lemma eval_Proj0: "eval (Proj 0) (x # xs) x"
  using eval_Proj[of 0 "x # xs"] by simp

lemma eval_Proj1: "eval (Proj 1) (x # y # xs) y"
  using eval_Proj[of 1 "x # y # xs"] by simp

lemma eval_Succ_Comp: "eval g xs a \<Longrightarrow> eval (Comp Succ [g]) xs (Suc a)"
  by (rule eval_Comp1) (auto intro: eval_Succ)

fun const_rf :: "nat \<Rightarrow> recf" where
  "const_rf 0 = Zero"
| "const_rf (Suc k) = Comp Succ [const_rf k]"

lemma eval_const_rf: "eval (const_rf k) xs k"
  by (induction k) (auto intro: eval_Zero eval_Succ_Comp)

lemma eval_Prim_funpow:
  assumes step: "\<And>y xs. eval g (y # xs) (h y)"
  shows "eval (Prim (const_rf c) g) [n] ((h ^^ n) c)"
proof (induction n)
  case 0
  show ?case using eval_Prim0[OF eval_const_rf] by simp
next
  case (Suc n)
  show ?case using eval_PrimS[OF Suc step] by simp
qed

definition add_rf :: recf where
  "add_rf = Prim (Proj 0) (Comp Succ [Proj 0])"

lemma eval_add_rf: "eval add_rf [a, b] (a + b)"
proof (induction a)
  case 0
  show ?case unfolding add_rf_def using eval_Prim0[OF eval_Proj0] by simp
next
  case (Suc a)
  show ?case
    unfolding add_rf_def using eval_PrimS[OF Suc[unfolded add_rf_def] eval_Succ_Comp[OF eval_Proj0]]
    by simp
qed

definition triangle_rf :: recf where
  "triangle_rf = Prim Zero (Comp add_rf [Proj 0, Comp Succ [Proj 1]])"

lemma eval_triangle_rf: "eval triangle_rf [n] (triangle n)"
proof (induction n)
  case 0
  show ?case unfolding triangle_rf_def using eval_Prim0[OF eval_Zero] by simp
next
  case (Suc n)
  have "eval (Comp add_rf [Proj 0, Comp Succ [Proj 1]]) [triangle n, n] (triangle n + Suc n)"
    by (intro eval_Comp2[OF eval_add_rf] eval_Proj0 eval_Succ_Comp eval_Proj1)
  then show ?case
    unfolding triangle_rf_def using eval_PrimS[OF Suc[unfolded triangle_rf_def]] by simp
qed

definition prod_encode_rf :: recf where
  "prod_encode_rf = Comp add_rf [Comp triangle_rf [Comp add_rf [Proj 0, Proj 1]], Proj 0]"

lemma eval_prod_encode_rf: "eval prod_encode_rf [a, b] (prod_encode (a, b))"
  unfolding prod_encode_rf_def prod_encode_def prod.case
  by (intro eval_Comp2[OF eval_add_rf] eval_Comp1[OF eval_triangle_rf] eval_Proj0 eval_Proj1)

fun list_encode_rf :: "recf list \<Rightarrow> recf" where
  "list_encode_rf [] = Zero"
| "list_encode_rf (g # gs) = Comp Succ [Comp prod_encode_rf [g, list_encode_rf gs]]"

lemma eval_list_encode_rf:
  "list_all2 (\<lambda>g y. eval g xs y) gs ys \<Longrightarrow> eval (list_encode_rf gs) xs (list_encode ys)"
  by (induction rule: list_all2_induct)
     (auto intro: eval_Zero eval_Succ_Comp eval_Comp2 eval_prod_encode_rf)

definition not_rf :: recf where
  "not_rf = Prim (const_rf 1) Zero"

lemma eval_not_rf: "eval not_rf [0] 1" "eval not_rf [1] 0"
proof -
  show zero: "eval not_rf [0] 1"
    unfolding not_rf_def by (rule eval_Prim0[OF eval_const_rf])
  show "eval not_rf [1] 0"
    using eval_PrimS[OF zero[unfolded not_rf_def] eval_Zero] unfolding not_rf_def by simp
qed

lemma eval_Mn_Proj1_iff: "eval (Mn (Proj 1)) [u] z \<longleftrightarrow> u = 0 \<and> z = 0"
proof
  assume "eval (Mn (Proj 1)) [u] z"
  then have "eval (Proj 1) [z, u] 0" "\<forall>m<z. \<exists>y. eval (Proj 1) [m, u] (Suc y)"
    by (auto elim: eval_MnE)
  then show "u = 0 \<and> z = 0"
    by (auto elim!: eval_ProjE)
next
  assume "u = 0 \<and> z = 0"
  then show "eval (Mn (Proj 1)) [u] z"
    by (auto intro: eval_Mn eval_Proj1[of _ _ "[]", simplified])
qed

lemma not_decidable_if_self_halting_reduces:
  fixes code :: "recf \<Rightarrow> nat" and r :: "nat \<Rightarrow> nat"
  assumes eval_R: "\<And>n. eval R [n] (r n)"
    and reduction: "\<And>f. r (code f) \<in> S \<longleftrightarrow> (\<exists>z. eval f [code f] z)"
  shows "\<not> decidable S"
proof
  assume "decidable S"
  then obtain d where d: "\<And>n. n \<in> S \<Longrightarrow> eval d [n] 0" "\<And>n. n \<notin> S \<Longrightarrow> eval d [n] 1"
    unfolding decidable_def by blast
  define g where "g = Comp (Mn (Proj 1)) [Comp not_rf [Comp d [R]]]"
  have halts_iff: "(\<exists>z. eval g [n] z) \<longleftrightarrow> r n \<notin> S" for n
  proof -
    have not_d: "eval (Comp not_rf [Comp d [R]]) [n] (if r n \<in> S then 1 else 0)"
      using d eval_not_rf by (auto intro: eval_Comp1 eval_R)
    have "(\<exists>z. eval g [n] z) \<longleftrightarrow> (\<exists>z. eval (Mn (Proj 1)) [if r n \<in> S then 1 else 0] z)"
    proof
      assume "\<exists>z. eval g [n] z"
      then obtain z where "eval g [n] z" ..
      then obtain u where "eval (Comp not_rf [Comp d [R]]) [n] u" "eval (Mn (Proj 1)) [u] z"
        unfolding g_def by (rule eval_CompE) (auto simp: list_all2_Cons1)
      then show "\<exists>z. eval (Mn (Proj 1)) [if r n \<in> S then 1 else 0] z"
        using eval_deterministic[OF not_d] by blast
    qed (auto simp: g_def intro: eval_Comp1 not_d)
    then show ?thesis using eval_Mn_Proj1_iff by auto
  qed
  show False
    using halts_iff[of "code g"] reduction[of g] by blast
qed

definition inhabited :: "library \<Rightarrow> btype \<Rightarrow> bool" where
  "inhabited Lib b \<longleftrightarrow> (\<exists>e. has_type_a Lib Map.empty e b)"

lemma ground_subst_b: "(\<And>a. ground_b (\<sigma> a)) \<Longrightarrow> ground_b (subst_b \<sigma> b)"
  by (induction b) (auto simp: ground_b_def)

lemma ground_subst_ty: "(\<And>a. ground_b (\<sigma> a)) \<Longrightarrow> ground_ty (subst_ty \<sigma> T)"
  using ground_subst_b[of \<sigma>] by (induction T) (auto simp: ground_ty_def ground_b_def)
◇ ◇ ◇ ◇ ◇ ◇ ◇
EXERCISE OBJECTIVE: The required answer is each line of the entries containing the string "notin".

COMPLETED EXERCISE:
  then obtain d where d: "\<And>n. n \<in> S \<Longrightarrow> eval d [n] 0" "\<And>n. n \<notin> S \<Longrightarrow> eval d [n] 1"
  have halts_iff: "(\<exists>z. eval g [n] z) \<longleftrightarrow> r n \<notin> S" for n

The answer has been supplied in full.